The other night as a sleepover gathering wound down, the subject of what to do with the leftover pie came up.
“What about breakfast,” someone said.
What about breakfast, indeed. Pie is magnificent at any time of the day, but there is something about having it in the morning, in place of the ole yogurt and granola.
First, it involves no effort on the part of the chef.
Second, as well as hitting the taste buds just right, there’s the tiny thrill you get from committing a small, subversive act like starting the day with something that nutritionally is undeniably bad for you.
I use this term subversive, as you probably gather, in the broadest possible manner, because I have always been a law-abiding, colour-between-the-lines type: other than the Resolutes Amateur Athletic Club, and the Queen Elizabeth High Facebook group, no membership in dubious organizations for me.
I have, in the spirit of full disclosure, from time-to-time thrown caution to the wind and parked in employees-only spots behind private businesses, but only at night or on weekends when no one is there to call the tow truck.

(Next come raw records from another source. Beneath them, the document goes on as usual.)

(* Let $0<M<\frac{1}{2(\ln 4-1)}$ and let $f=h+\overline{g}\in\mathcal{P}^{0}_{\mathcal{H}}(M)$ with $$f(z)=z+\sum_{n=2}^{\infty}a_nz^n+\overline{\sum_{n=2}^{\infty}b_nz^n},\qquad z\in\mathbb{D}.$$ Then $$|z|+|f(z)|+\sum_{n=2}^{\infty}(|a_n|+|b_n|)|z|^n\leq d\left(f(0),\partial f(\mathbb{D})\right)$$ for all $|z|=r\leq r_{M}$, where $r_{M}$ is the unique root in $(0,1)$ of the equation $$2r+4M\left(r+(1-r)\log(1-r)\right)-1-2M(1-2\log 2)=0.$$ The radius $r_M$ is the best possible.
   Context: $\mathbb{D}=\{z\in\mathbb{C}:|z|<1\}$. $\mathcal{H}_0$ denotes the class of complex-valued harmonic mappings $f=h+\overline{g}$ on $\mathbb{D}$, with $h,g$ analytic in $\mathbb{D}$, normalized by $h(0)=0$, $h'(0)=1$, $g(0)=0$, $g'(0)=0$. For $M>0$, $$\mathcal{P}^{0}_{\mathcal{H}}(M)=\{f=h+\overline{g}\in\mathcal{H}_0:\ \operatorname{Re}(zh''(z))>-M+|zg''(z)|\ \text{for all } z\in\mathbb{D}\}.$$ $d(f(0),\partial f(\mathbb{D}))$ denotes the Euclidean distance from $f(0)$ to the boundary of $f(\mathbb{D})$, i.e. $\liminf_{|z|\to 1}|f(z)-f(0)|$. "Best possible" means the radius cannot be replaced by any larger number (the extremal function being $f_M(z)=z+2M\sum_{n\ge2}\frac{z^n}{n(n-1)}$). *)

theory Defs
  imports "HOL-Complex_Analysis.Complex_Analysis"
begin

definition PH0 :: "real \<Rightarrow> (complex \<Rightarrow> complex) \<Rightarrow> (complex \<Rightarrow> complex) \<Rightarrow> bool" where
  "PH0 M h g \<longleftrightarrow>
     h holomorphic_on ball 0 1 \<and> g holomorphic_on ball 0 1 \<and>
     h 0 = 0 \<and> deriv h 0 = 1 \<and> g 0 = 0 \<and> deriv g 0 = 0 \<and>
     (\<forall>z\<in>ball 0 1. Re (z * (deriv ^^ 2) h z) > - M + cmod (z * (deriv ^^ 2) g z))"

definition harm :: "(complex \<Rightarrow> complex) \<Rightarrow> (complex \<Rightarrow> complex) \<Rightarrow> complex \<Rightarrow> complex" where
  "harm h g z = h z + cnj (g z)"

definition tcoeff :: "(complex \<Rightarrow> complex) \<Rightarrow> nat \<Rightarrow> complex" where
  "tcoeff h n = (deriv ^^ n) h 0 / of_nat (fact n)"

text \<open>d(f(0), boundary f(D)) = liminf_{|z| \<rightarrow> 1^-} |f z - f 0|.\<close>
definition bdist :: "(complex \<Rightarrow> complex) \<Rightarrow> ereal" where
  "bdist f = Liminf (filtercomap norm (at_left (1::real))) (\<lambda>z. ereal (cmod (f z - f 0)))"

definition bohr_lhs :: "(complex \<Rightarrow> complex) \<Rightarrow> (complex \<Rightarrow> complex) \<Rightarrow> complex \<Rightarrow> real" where
  "bohr_lhs h g z = cmod z + cmod (harm h g z)
     + (\<Sum>n. (cmod (tcoeff h (n+2)) + cmod (tcoeff g (n+2))) * cmod z ^ (n+2))"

A late-teen dine-and-dash from a downtown Halifax eating establishment is the closest I have come to an actual felony, although there may be a long-ago Carleton University phone bill that is still outstanding, to which I plead the statute of limitations.
I have, in the spirit of full disclosure, from time-to-time thrown caution to the wind and parked in employees-only spots behind private businesses, but only at night or on weekends when no one is there to call the tow truck.
Braving the wrath of the HRM’s dog patrol, I have, again usually under cover of darkness, walked my hound where no dog is supposed to tread.
Just the other day, after having finished Michael Ondaatje’s wonderful The Collected Works of Billy the Kid, I picked a couple of grapes at the Superstore, and ate them as I strolled.
This, it should be noted, was before the members of the Halifax Regional Police Department were deployed at Superstore locations across the HRM, and for all I know the province, to put the kibosh to just that sort of wrongdoing. Like Billy, I seem to have been just ahead of the law.
My point is that while we may obediently assemble in the burger line at the Scotia Square food court, as much as we patiently await our turn at the four-way stop, even the most law-abiding among us longs to occasionally emit a rebel’s yell.
My point is that while we may obediently assemble in the burger line at the Scotia Square food court, as much as we patiently await our turn at the four-way stop, even the most law-abiding among us longs to occasionally emit a rebel’s yell.
How do I know this so definitively? I speak from a lifetime of experience.
Yes, it was great to pretend to be sick in elementary school, so that I could stay at home to watch the midday matinee, but was the pleasure not heightened by knowing that when Robert Jollimore and Kenny Moores were doing their times tables, I was seated in front of the black and white television set, coughing every now and then for my mom’s benefit, as the creature emerged from the Black Lagoon?
To this day I experience the same sense of deep fulfillment when sitting in front of the big screen, at the movie theatre, in the afternoon on a weekday, when the rest of the world is at work.
My glee grows exponentially when in the movie theatre on a blazing summer day. When we lived in Toronto in an air conditioner-less apartment, that was out of necessity.
To this day I experience the same sense of deep fulfillment when sitting in front of the big screen, at the movie theatre, in the afternoon on a weekday, when the rest of the world is at work.
Yet, what does it say about me, that even now when the mercury soars I sometimes like to be inside, looking up at something mindless, when the virtuous are outdoors, as we are supposed to be during fine weather, doing something that is “good for you.”
My contrariness does not manifest itself in bad habits like regular “mental health” days sitting at home, binging on Cheezies and episodes of Peaky Blinders.
No, it is a mostly harmless trait, a desire to demonstrate that, even within the restrictive parameters of 21nd-century life, we can show that we are not sheep.
Instead of a few minutes snatched with the video off on a Zoom call, we can take a full-fledged midday mid-week nap, and the world will be no worse off when we awake.
It is good to hold on to that belief, no matter how untrue we know it to be — to think that we are capable of a small bold act, just for boldness sake.
We can take pleasure, during days spent getting our steps and eating healthy and sustainably, in hitting the drive-thru, then wolfing down our fries and triple meat patties while wheeling through the streets, like we are 18 again. (Maybe if the outlaw’s spirit particularly moves us, we will crank the music and lower the windows, although not too loud though; people are sleeping.)
We did pointless things back then, as well as things that seemed undignified, and unadult, but made us think that maybe there was a little rule-breaking Keith Richards, a little outrageous Dennis Rodman in all of us.
It is good to hold on to that belief, no matter how untrue we know it to be — to think that we are capable of a small bold act, just for boldness sake.
What I mean to say is eat the damn pie with your morning coffee or before the salad course at supper. When you do so, look around the room with a Ray Liotta scowl, daring someone, anyone to try to stop you.